Look through the records below, and copy out every line that holds the string "path".

** Opening INFORMATION block **

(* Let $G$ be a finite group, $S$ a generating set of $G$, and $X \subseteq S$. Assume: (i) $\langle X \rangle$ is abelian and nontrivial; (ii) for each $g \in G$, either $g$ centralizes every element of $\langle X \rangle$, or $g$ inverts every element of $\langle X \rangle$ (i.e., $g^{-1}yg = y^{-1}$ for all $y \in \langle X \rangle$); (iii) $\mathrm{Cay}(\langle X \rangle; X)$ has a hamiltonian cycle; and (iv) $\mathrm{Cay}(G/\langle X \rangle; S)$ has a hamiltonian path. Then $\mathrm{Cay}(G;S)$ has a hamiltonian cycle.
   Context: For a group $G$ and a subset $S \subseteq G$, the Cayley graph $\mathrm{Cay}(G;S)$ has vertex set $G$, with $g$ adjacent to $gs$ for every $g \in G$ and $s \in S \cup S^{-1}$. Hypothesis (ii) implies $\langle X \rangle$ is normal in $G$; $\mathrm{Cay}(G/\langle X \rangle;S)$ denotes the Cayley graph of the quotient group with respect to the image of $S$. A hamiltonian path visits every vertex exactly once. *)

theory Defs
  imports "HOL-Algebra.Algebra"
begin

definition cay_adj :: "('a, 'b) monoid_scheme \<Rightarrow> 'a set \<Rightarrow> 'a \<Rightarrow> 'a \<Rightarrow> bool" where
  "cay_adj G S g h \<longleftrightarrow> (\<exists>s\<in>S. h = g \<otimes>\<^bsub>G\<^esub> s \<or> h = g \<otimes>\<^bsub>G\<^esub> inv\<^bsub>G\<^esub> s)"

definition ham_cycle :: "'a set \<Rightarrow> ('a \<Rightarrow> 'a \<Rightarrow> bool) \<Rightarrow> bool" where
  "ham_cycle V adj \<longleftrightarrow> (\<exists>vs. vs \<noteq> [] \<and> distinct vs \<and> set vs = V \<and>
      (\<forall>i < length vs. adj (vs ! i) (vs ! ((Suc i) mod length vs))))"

** Closing INFORMATION block **

ANSWER TO THIS EXERCISE:
(* Let $G$ be a finite group, $S$ a generating set of $G$, and $X \subseteq S$. Assume: (i) $\langle X \rangle$ is abelian and nontrivial; (ii) for each $g \in G$, either $g$ centralizes every element of $\langle X \rangle$, or $g$ inverts every element of $\langle X \rangle$ (i.e., $g^{-1}yg = y^{-1}$ for all $y \in \langle X \rangle$); (iii) $\mathrm{Cay}(\langle X \rangle; X)$ has a hamiltonian cycle; and (iv) $\mathrm{Cay}(G/\langle X \rangle; S)$ has a hamiltonian path. Then $\mathrm{Cay}(G;S)$ has a hamiltonian cycle.
   Context: For a group $G$ and a subset $S \subseteq G$, the Cayley graph $\mathrm{Cay}(G;S)$ has vertex set $G$, with $g$ adjacent to $gs$ for every $g \in G$ and $s \in S \cup S^{-1}$. Hypothesis (ii) implies $\langle X \rangle$ is normal in $G$; $\mathrm{Cay}(G/\langle X \rangle;S)$ denotes the Cayley graph of the quotient group with respect to the image of $S$. A hamiltonian path visits every vertex exactly once. *)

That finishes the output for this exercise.